Вопрос первый был в пристрастии Агеева к кружевному белью на крепкой мужской заднице. Эпохальные черные труселя Трипл Эй порвал на Вадике при второй встрече. Причем зубами и с таким выражением лица, что Селиванов подавил желание забиться под парту. Пришлось срочно бежать в магазин нижнего белья, а потом еще и еще раз. Продавщицы в бутике смотрели на него с восхищением, наверняка решив, что у оптового покупателя гарем. А Вадик гадал, встанет ли у Агеева на него, если он заявится на свиданку не в кружевных труселях, как в первый раз, а в обычных хэбэшках. Потому что кружево — это прекрасно, но чешется, сил нет. Особенно после того, как озорства ради побрил пах полностью, а Андрей Александрович от такого вида Вадиковского беззащитного лобка сломал им же — Вадиком — преподавательский стол. Кроме психики Селиванова в тот раз, слава богу, никто не пострадал. Но чесалось все это бритое под кружевным изделием так, что Вадику уже на следующий день пришлось ныкаться и, запустив руку в ширинку, яростно чухаться. По неблагоприятному стечению обстоятельств случилось это в закутке, где располагался один-единственный кабинет — кафедры социологии. Социологи были кастой на юрфаке непопулярной и мало кто из студентов знал, где вообще эта кафедра находится. А вот Вадик узнал. Особенно после того, как ладонь достигла изнывающей промежности и на лице разлилось выражение блаженства от возможности утолить зуд, а из двери напротив вышла подслеповатая методистка в очках с диоптриями в минус двадцать и в ортопедических тапках. Вышла и кинулась обратно с криком: «Извращенец!», а Селиванову пришлось полдня декану доказывать, что у него на годившуюся ему в бабушки методистку и под дулом ружья не встало бы. Спасибо Трипл Эй отмазал. Еще и ржал потом. Говорил, что у старой девственницы Вадик будет самым ярким эротическим приключением.
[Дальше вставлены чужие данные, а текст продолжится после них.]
lemma root_poly_nonzero [simp]: "root_poly M \<noteq> 0"
  by (metis lead_coeff_root_poly leading_coeff_0_iff zero_neq_one)

lemma degree_root_poly: "degree (root_poly M) = size M"
  by (induction M) (simp_all add: root_poly_add_mset degree_mult_eq del: mult_pCons_left)

lemma poly_root_poly_eq_0_iff [simp]: "poly (root_poly M) t = 0 \<longleftrightarrow> t \<in># M"
  by (induction M) (auto simp: root_poly_add_mset)

lemma prod_list_linear_factors: "(\<Prod>x\<leftarrow>xs. [:-x, 1:]) = root_poly (mset xs)"
  by (induction xs) (auto simp: root_poly_add_mset)

lemma sign_poly_root_poly:
  assumes "t \<notin># M"
  shows "(-1) ^ size {#z \<in># M. t < z#} * poly (root_poly M) t > 0"
  using assms
proof (induction M)
  case (add x M)
  then have IH: "(-1) ^ size {#z \<in># M. t < z#} * poly (root_poly M) t > 0" and "x \<noteq> t"
    by auto
  have "(-1) ^ size {#z \<in># add_mset x M. t < z#} * poly (root_poly (add_mset x M)) t
      = ((-1) ^ size {#z \<in># M. t < z#} * poly (root_poly M) t) * \<bar>x - t\<bar>"
    by (cases "t < x") (simp_all add: root_poly_add_mset algebra_simps del: mult_pCons_left)
  then show ?case
    using IH \<open>x \<noteq> t\<close> by simp
qed simp

lemma root_poly_dvd:
  "distinct zs \<Longrightarrow> (\<And>z. z \<in> set zs \<Longrightarrow> poly p z = 0) \<Longrightarrow> root_poly (mset zs) dvd p"
proof (induction zs arbitrary: p)
  case (Cons z zs)
  then obtain q where q: "p = [:-z, 1:] * q"
    by (metis list.set_intros(1) dvdE poly_eq_0_iff_dvd)
  have "root_poly (mset zs) dvd q"
    using Cons by (auto simp: q)
  then show ?case
    by (simp add: q root_poly_add_mset mult_dvd_mono del: mult_pCons_left)
qed simp

lemma degree_add_of_lead_coeff_pos:
  fixes p q :: "'a::linordered_idom poly"
  assumes "lead_coeff p > 0" "lead_coeff q > 0" "degree p \<le> degree q"
  shows "degree (p + q) = degree q" "lead_coeff (p + q) > 0"
proof -
  have "coeff (p + q) (degree q) > 0"
    using assms by (cases "degree p = degree q") (simp_all add: coeff_eq_0)
  moreover have "degree (p + q) \<le> degree q"
    using assms(3) by (simp add: degree_add_le)
  ultimately show "degree (p + q) = degree q"
    by (simp add: le_antisym le_degree)
  then show "lead_coeff (p + q) > 0"
    using \<open>coeff (p + q) (degree q) > 0\<close> by simp
qed

lemma map_poly_of_real_mult:
  "map_poly complex_of_real (p * q) = map_poly complex_of_real p * map_poly complex_of_real q"
  by (rule poly_eqI) (simp add: coeff_map_poly coeff_mult)

lemma map_poly_of_real_inject:
  "map_poly complex_of_real p = map_poly complex_of_real q \<longleftrightarrow> p = q"
  by (metis coeff_map_poly of_real_0 of_real_eq_iff poly_eqI)

lemma map_poly_of_real_root_poly:
  "map_poly complex_of_real (root_poly M) = (\<Prod>x\<in>#M. [:-complex_of_real x, 1:])"
  by (induction M) (simp_all add: root_poly_add_mset map_poly_of_real_mult map_poly_pCons
      del: mult_pCons_left)

lemma complex_zeros_smult_root_poly:
  assumes "c \<noteq> 0"
  shows "poly (map_poly complex_of_real (smult c (root_poly M))) z = 0 \<longleftrightarrow>
    (\<exists>x\<in>#M. z = complex_of_real x)"
  using assms by (auto simp: map_poly_smult map_poly_of_real_root_poly poly_prod_mset
      prod_mset_zero_iff)

lemma real_rooted_factorization:
  assumes "only_real_zeros p"
  obtains M where "p = smult (lead_coeff p) (root_poly M)"
proof
  let ?q = "map_poly complex_of_real p"
  have real: "z \<in> \<real>" if "z \<in># proots ?q" for z
    using that assms unfolding only_real_zeros_def
    by (cases "?q = 0") auto
  have "map_poly complex_of_real (root_poly (image_mset Re (proots ?q)))
      = (\<Prod>z\<in>#proots ?q. [:-z, 1:])"
    unfolding map_poly_of_real_root_poly multiset.map_comp
    by (intro arg_cong[where f = prod_mset] image_mset_cong) (simp add: real)
  moreover have "lead_coeff ?q = complex_of_real (lead_coeff p)"
    by (simp add: coeff_map_poly degree_map_poly)
  ultimately have "map_poly complex_of_real (smult (lead_coeff p) (root_poly (image_mset Re (proots ?q))))
      = ?q"
    using complex_poly_decompose_multiset[of ?q] by (simp add: map_poly_smult)
  then show "p = smult (lead_coeff p) (root_poly (image_mset Re (proots ?q)))"
    by (simp add: map_poly_of_real_inject)
qed

lemma only_real_zeros_smult_root_poly: "c \<noteq> 0 \<Longrightarrow> only_real_zeros (smult c (root_poly M))"
  by (auto simp: only_real_zeros_def complex_zeros_smult_root_poly)

lemma only_nonpos_zeros_smult_root_poly:
  "c \<noteq> 0 \<Longrightarrow> only_nonpos_zeros (smult c (root_poly M)) \<longleftrightarrow> (\<forall>z\<in>#M. z \<le> 0)"
  by (fastforce simp: only_nonpos_zeros_def complex_zeros_smult_root_poly)

definition standard_with_zeros :: "real poly \<Rightarrow> real multiset \<Rightarrow> bool" where
  "standard_with_zeros p M \<longleftrightarrow> (\<exists>c>0. p = smult c (root_poly M))"

lemma standard_with_zeros_smult:
  "standard_with_zeros p M \<Longrightarrow> l > 0 \<Longrightarrow> standard_with_zeros (smult l p) M"
  unfolding standard_with_zeros_def by (metis mult_pos_pos smult_smult)

lemma standard_with_zeros_times_x:
  "standard_with_zeros p M \<Longrightarrow> standard_with_zeros ([:0, 1:] * p) (add_mset 0 M)"
  unfolding standard_with_zeros_def by (auto simp: root_poly_add_mset)

lemma standard_with_zerosD:
  assumes "standard_with_zeros p M"
  shows "p \<noteq> 0" "standard p" "only_real_zeros p" "degree p = size M"
    "smult (lead_coeff p) (root_poly M) = p"
    "only_nonpos_zeros p \<longleftrightarrow> (\<forall>z\<in>#M. z \<le> 0)"
proof -
  obtain c where c: "c > 0" "p = smult c (root_poly M)"
    using assms standard_with_zeros_def by auto
  then have "lead_coeff p = c"
    by simp
  then show "p \<noteq> 0" "standard p" "only_real_zeros p" "degree p = size M"
    "smult (lead_coeff p) (root_poly M) = p" "only_nonpos_zeros p \<longleftrightarrow> (\<forall>z\<in>#M. z \<le> 0)"
    using c by (simp_all add: degree_root_poly standard_def only_real_zeros_smult_root_poly
        only_nonpos_zeros_smult_root_poly)
qed

lemma standard_with_zerosE:
  assumes "p \<noteq> 0" "standard p" "only_nonpos_zeros p"
  obtains M where "standard_with_zeros p M" "\<forall>z\<in>#M. z \<le> 0"
proof -
  have "only_real_zeros p"
    using assms(1,3) by (auto simp: only_nonpos_zeros_def only_real_zeros_def)
  then obtain M where M: "p = smult (lead_coeff p) (root_poly M)"
    by (rule real_rooted_factorization)
  moreover have "lead_coeff p > 0"
    using assms(1,2) by (simp add: standard_def)
  ultimately show ?thesis
    using that assms(1,3) only_nonpos_zeros_smult_root_poly[of "lead_coeff p" M]
    by (auto simp: standard_with_zeros_def)
qed

lemma standard_with_zeros_degree_le_1:
  assumes "degree q \<le> 1" "lead_coeff q > 0"
  obtains E where "standard_with_zeros q E"
proof (cases "degree q = 0")
  case True
  then have "q = smult (lead_coeff q) (root_poly {#})"
    by (elim degree_eq_zeroE) simp
  then show ?thesis
    using that assms(2) unfolding standard_with_zeros_def by blast
next
  case False
  then have deg: "degree q = 1"
    using assms(1) by simp
  define e where "e = - coeff q 0 / lead_coeff q"
  have "q = smult (lead_coeff q) (root_poly {#e#})"
    using deg assms(2)
    by (intro poly_eqI) (auto simp: e_def root_poly_add_mset coeff_pCons coeff_eq_0
        split: nat.split)
  then show ?thesis
    using that assms(2) unfolding standard_with_zeros_def by blast
qed

section \<open>Counting zeros\<close>

definition count_ge :: "real multiset \<Rightarrow> real \<Rightarrow> nat" where
  "count_ge M t = size {#z \<in># M. t \<le> z#}"

lemma count_ge_union [simp]: "count_ge (M + N) t = count_ge M t + count_ge N t"
  by (simp add: count_ge_def)

lemma count_ge_add_mset: "count_ge (add_mset x M) t = count_ge M t + (if t \<le> x then 1 else 0)"
  by (simp add: count_ge_def)

lemma count_ge_eq_0_iff: "count_ge M t = 0 \<longleftrightarrow> (\<forall>z\<in>#M. z < t)"
  by (auto simp: count_ge_def not_le)

lemma count_ge_eq_size: "(\<And>z. z \<in># M \<Longrightarrow> t \<le> z) \<Longrightarrow> count_ge M t = size M"
  by (induction M) (auto simp: count_ge_add_mset count_ge_def)

lemma count_ge_mset: "count_ge (mset xs) t = card {k. k < length xs \<and> t \<le> xs ! k}"
  by (simp add: count_ge_def length_filter_conv_card flip: mset_filter)

lemma size_filter_mset_mset: "size {#z \<in># mset zs. P z#} = card {j. j < length zs \<and> P (zs ! j)}"
  by (simp add: length_filter_conv_card flip: mset_filter)

lemma card_le_count_ge_mset:
  "I \<subseteq> {..<length xs} \<Longrightarrow> (\<And>i. i \<in> I \<Longrightarrow> t \<le> xs ! i) \<Longrightarrow> card I \<le> count_ge (mset xs) t"
  unfolding count_ge_mset by (intro card_mono) auto

lemma count_ge_mset_le_card:
  "finite I \<Longrightarrow> (\<And>i. i < length xs \<Longrightarrow> t \<le> xs ! i \<Longrightarrow> i \<in> I) \<Longrightarrow>
    count_ge (mset xs) t \<le> card I"
  unfolding count_ge_mset by (intro card_mono) auto

lemma count_ge_mset_mono_nth:
  assumes "length xs \<le> length ys" "\<And>k. k < length xs \<Longrightarrow> xs ! k \<le> ys ! k"
  shows "count_ge (mset xs) t \<le> count_ge (mset ys) t"
  unfolding count_ge_mset using assms by (intro card_mono) (auto intro: order_trans)

lemma nonpos_if_count_ge_le:
  assumes "\<And>t. t > 0 \<Longrightarrow> count_ge M t \<le> count_ge N t" "\<forall>z\<in>#N. z \<le> 0"
  shows "\<forall>z\<in>#M. z \<le> 0"
proof (rule ccontr)
  assume "\<not> (\<forall>z\<in>#M. z \<le> 0)"
  then obtain z where "z \<in># M" "z > 0"
    by auto
  then have "count_ge N z = 0" "count_ge M z \<noteq> 0"
    using assms(2) by (auto simp: count_ge_eq_0_iff)
  then show False
    using assms(1)[OF \<open>z > 0\<close>] by simp
qed

lemma le_sorted_nth_iff_count_ge:
  assumes "sorted zs" "i < length zs"
  shows "t \<le> zs ! i \<longleftrightarrow> length zs - i \<le> count_ge (mset zs) t"
proof
  assume "t \<le> zs ! i"
  then have "card {i..<length zs} \<le> count_ge (mset zs) t"
    using assms by (intro card_le_count_ge_mset) (auto intro: order_trans sorted_nth_mono)
  then show "length zs - i \<le> count_ge (mset zs) t"
    by simp
next
  assume le: "length zs - i \<le> count_ge (mset zs) t"
  show "t \<le> zs ! i"
  proof (rule ccontr)
    assume "\<not> t \<le> zs ! i"
    then have "count_ge (mset zs) t \<le> card {Suc i..<length zs}"
      using assms by (intro count_ge_mset_le_card) (auto simp: not_less_eq_eq
          dest: sorted_nth_mono[of zs _ i])
    then show False
      using le assms(2) by simp
  qed
qed

lemma le_sorted_rev_nth_iff_count_ge:
  assumes "sorted (rev zs)" "k < length zs"
  shows "t \<le> zs ! k \<longleftrightarrow> k + 1 \<le> count_ge (mset zs) t"
  using le_sorted_nth_iff_count_ge[of "rev zs" "length zs - 1 - k" t] assms
  by (simp add: rev_nth)

definition interlacing :: "real multiset \<Rightarrow> real multiset \<Rightarrow> bool" where
  "interlacing X Y \<longleftrightarrow> (\<forall>t. count_ge X t \<le> count_ge Y t \<and> count_ge Y t \<le> count_ge X t + 1)"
Имелся еще и второй вопрос. И тут все было посерьезней опасений о зависимости Агеева от нижнего белья с выкрутасами. Курс международного права был рассчитан на год и ограничивался нынешней сессией. То есть в рамках учебного плана Селиванов с Андреем Александровичем пересекаться в дальнейшем не будут. И значит ли это, что сегодня он пришел, чтобы с достоинством попрощаться, Вадик не знал. На носу лето, а в сентябре к Агееву придет новый курс правоведов и, чем черт не шутит, очередной студент в кружавчиках. Так что мандражировал Селиванов вовсе не оттого, что экзамен боялся завалить. Нет. Другого боялся. Потому что… Привык? И от того, что привык, так тошно было, что Вадик малодушно подумывал завалить экзамен и остаться на пересдачу. Хотя такие мысли пришлось затолкать подальше. Даже представлять не хотелось, какое у Андрея Александровича будет лицо, если он не ответит на билет.
Было и еще кое-что, тщательно приготовленное напоследок. На тот случай, если встреча последняя, так сказать. Хотелось Вадику уж если и уйти, то уж уйти так, чтобы навсегда в памяти у Агеева застрять. И от этого тщательно приготовленного сюрприза было чертовски неудобно сидеть на подоконнике. Поэтому он уже пятый час вертелся, изнывая и изнемогая, пока поток студентов в коридоре медленно, но верно редел. Солнце к этому моменту уже стало угасать за оконной рамой, а Селиванов окончательно вымотался морально.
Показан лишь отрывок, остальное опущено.